___ Supplied records

(* Let $s_0,s_1\in\mathbb{R}$ and $p_0,p_1,q_0,q_1\in(0,\infty]$, and set $\frac1p=\frac1{p_0}+\frac1{p_1}$, $\frac1q=\frac1{q_0}+\frac1{q_1}$, $s=s_0+s_1$ (with $1/\infty=0$). Then for every $h\in Z^{p,q}_s$ there exist $F\in Z^{p_0,q_0}_{s_0}$ and $G\in Z^{p_1,q_1}_{s_1}$ such that $h=FG$ and $\|F\|_{Z^{p_0,q_0}_{s_0}}\|G\|_{Z^{p_1,q_1}_{s_1}}\lesssim\|h\|_{Z^{p,q}_s}$.
   Context: Fix $n\ge1$; functions are measurable scalar (or $\mathbb{C}^N$-valued) functions on $\mathbb{R}^{1+n}_+:=(0,\infty)\times\mathbb{R}^n$ (for vector-valued $F$ and scalar $G$ the product is pointwise). Let $\mathcal{Q}(\mathbb{R}^n)$ be a system of dyadic cubes, $\ell(Q)$ the side length, $\overline{Q}:=(\ell(Q),2\ell(Q))\times Q$ and $\mathcal{G}:=\{\overline{Q}\}$. For $q\in(0,\infty)$, $[|f|^q]^{1/q}_{\overline{Q}}:=\big(\iint_{\overline{Q}}|f(\tau,\xi)|^q\frac{d\tau\,d\xi}{\tau^{1+n}}\big)^{1/q}$, and for $q=\infty$ it is the essential supremum of $|f|$ on $\overline{Q}$. For $p,q\in(0,\infty]$, $s\in\mathbb{R}$, $\|f\|_{Z^{p,q}_s}:=\big(\sum_{\overline{Q}\in\mathcal{G}}\ell(Q)^n\big(\ell(Q)^{-s}[|f|^q]^{1/q}_{\overline{Q}}\big)^p\big)^{1/p}$ (supremum over $\overline Q$ of $\ell(Q)^{-s}[|f|^q]^{1/q}_{\overline{Q}}$ if $p=\infty$), and $Z^{p,q}_s$ is the set of $f$ with finite quasinorm. *)

theory Defs
  imports "HOL-Analysis.Analysis"
begin

definition enn_powr :: "ennreal \<Rightarrow> real \<Rightarrow> ennreal" where
  "enn_powr x r = (if x = \<infinity> then \<infinity> else ennreal (enn2real x powr r))"

text \<open>Dyadic cubes in R^n, indexed injectively by (k, m) with k :: int, m :: int^n:
  Q(k,m) = product over i of [m_i 2^(-k), (m_i + 1) 2^(-k)), side length 2^(-k).\<close>
definition dyadic_len :: "int \<times> (int ^ 'n) \<Rightarrow> real" where
  "dyadic_len km = 2 powr (- real_of_int (fst km))"

definition dyadic_cube :: "int \<times> (int ^ 'n::finite) \<Rightarrow> (real ^ 'n) set" where
  "dyadic_cube km = {\<xi>. \<forall>i. real_of_int (snd km $ i) * dyadic_len km \<le> \<xi> $ i
                          \<and> \<xi> $ i < (real_of_int (snd km $ i) + 1) * dyadic_len km}"

text \<open>Whitney box  Qbar = (l(Q), 2 l(Q)) x Q  in R^{1+n}_+ = (0,\<infinity>) x R^n.\<close>
definition whitney_box :: "int \<times> (int ^ 'n::finite) \<Rightarrow> (real \<times> (real ^ 'n)) set" where
  "whitney_box km = {dyadic_len km <..< 2 * dyadic_len km} \<times> dyadic_cube km"

definition local_Lq :: "ennreal \<Rightarrow> (real \<times> (real ^ ('n::finite)) \<Rightarrow> 'v::real_normed_vector)
    \<Rightarrow> int \<times> (int ^ 'n) \<Rightarrow> ennreal" where
  "local_Lq q f km =
     (if q = \<infinity> then
        Inf {C. AE x in lebesgue. x \<in> whitney_box km \<longrightarrow> ennreal (norm (f x)) \<le> C}
      else
        enn_powr (\<integral>\<^sup>+ x. indicator (whitney_box km) x *
                    ennreal (norm (f x) powr enn2real q / fst x ^ (1 + CARD('n))) \<partial>lebesgue)
                 (1 / enn2real q))"

definition Z_norm :: "ennreal \<Rightarrow> ennreal \<Rightarrow> real \<Rightarrow>
    (real \<times> (real ^ ('n::finite)) \<Rightarrow> 'v::real_normed_vector) \<Rightarrow> ennreal" where
  "Z_norm p q s f =
     (if p = \<infinity> then
        (SUP km\<in>(UNIV :: (int \<times> (int ^ 'n)) set).
           ennreal (dyadic_len km powr (- s)) * local_Lq q f km)
      else
        enn_powr (\<integral>\<^sup>+ km. ennreal (dyadic_len km ^ CARD('n)) *
                    enn_powr (ennreal (dyadic_len km powr (- s)) * local_Lq q f km) (enn2real p)
                  \<partial>count_space (UNIV :: (int \<times> (int ^ 'n)) set))
                 (1 / enn2real p))"

definition Z_space :: "ennreal \<Rightarrow> ennreal \<Rightarrow> real \<Rightarrow>
    (real \<times> (real ^ ('n::finite)) \<Rightarrow> 'v::real_normed_vector) set" where
  "Z_space p q s = {f. f \<in> borel_measurable lebesgue \<and> Z_norm p q s f < \<infinity>}"

end

theory Submission
  imports Defs
begin

text \<open>Normalise \<open>h\<close> box by box. On a Whitney box \<open>Q\<close> let \<open>a_Q\<close> be the local \<open>L^q\<close> norm of \<open>h\<close> and
  \<open>b_Q = l(Q)^(-s) a_Q\<close>, so that the \<open>Z\<close>-norm of \<open>h\<close> is a weighted \<open>l^p\<close> norm of \<open>(b_Q)\<close>.
  With \<open>\<theta> = p/p0\<close>, \<open>1 - \<theta> = p/p1\<close>, \<open>\<phi> = q/q0\<close>, \<open>1 - \<phi> = q/q1\<close> put
  \<open>G = l(Q)^s1 b_Q^(1-\<theta>) (|h|/a_Q)^(1-\<phi>)\<close> and \<open>F = h/G\<close>, so \<open>|F| = l(Q)^s0 b_Q^\<theta> (|h|/a_Q)^\<phi>\<close>.
  As \<open>|h|/a_Q\<close> has unit local \<open>L^q\<close> norm, its powers \<open>\<phi>\<close> and \<open>1 - \<phi>\<close> have unit local \<open>L^q0\<close>
  and \<open>L^q1\<close> norms. Hence the sequences attached to \<open>F\<close> and \<open>G\<close> are dominated by \<open>(b_Q^\<theta>)\<close> and
  \<open>(b_Q^(1-\<theta>))\<close>, whose weighted \<open>l^p0\<close> and \<open>l^p1\<close> norms are the powers \<open>\<theta>\<close> and \<open>1 - \<theta>\<close> of that
  of \<open>(b_Q)\<close>: the estimate holds with constant \<open>1\<close>. Boxes with \<open>a_Q = 0\<close> carry \<open>h = 0\<close> almost
  everywhere and contribute nothing.\<close>

section \<open>Powers of extended nonnegative reals\<close>

lemma enn_powr_ennreal: "c \<ge> 0 \<Longrightarrow> enn_powr (ennreal c) r = ennreal (c powr r)"
  by (simp add: enn_powr_def)

lemma enn_powr_top [simp]: "enn_powr top r = top"
  by (simp add: enn_powr_def)

lemma enn_powr_zero [simp]: "enn_powr 0 r = 0"
  by (simp add: enn_powr_def)

lemma enn_powr_less_top_iff [simp]: "enn_powr x r < top \<longleftrightarrow> x < top"
  by (auto simp: enn_powr_def top.not_eq_extremum)

lemma enn_powr_one: "x < top \<Longrightarrow> enn_powr x 1 = x"
  by (cases x rule: ennreal_cases) (auto simp: enn_powr_ennreal)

______

◆ Task details:
Of the lines above, retype only those from the line containing "- \<theta>\<close> of that" through the line containing "< top \<longleftrightarrow>", including both, exactly.

◆ Output below:
  \<open>(b_Q^(1-\<theta>))\<close>, whose weighted \<open>l^p0\<close> and \<open>l^p1\<close> norms are the powers \<open>\<theta>\<close> and \<open>1 - \<theta>\<close> of that
  of \<open>(b_Q)\<close>: the estimate holds with constant \<open>1\<close>. Boxes with \<open>a_Q = 0\<close> carry \<open>h = 0\<close> almost
  everywhere and contribute nothing.\<close>

section \<open>Powers of extended nonnegative reals\<close>

lemma enn_powr_ennreal: "c \<ge> 0 \<Longrightarrow> enn_powr (ennreal c) r = ennreal (c powr r)"
  by (simp add: enn_powr_def)

lemma enn_powr_top [simp]: "enn_powr top r = top"
  by (simp add: enn_powr_def)

lemma enn_powr_zero [simp]: "enn_powr 0 r = 0"
  by (simp add: enn_powr_def)

lemma enn_powr_less_top_iff [simp]: "enn_powr x r < top \<longleftrightarrow> x < top"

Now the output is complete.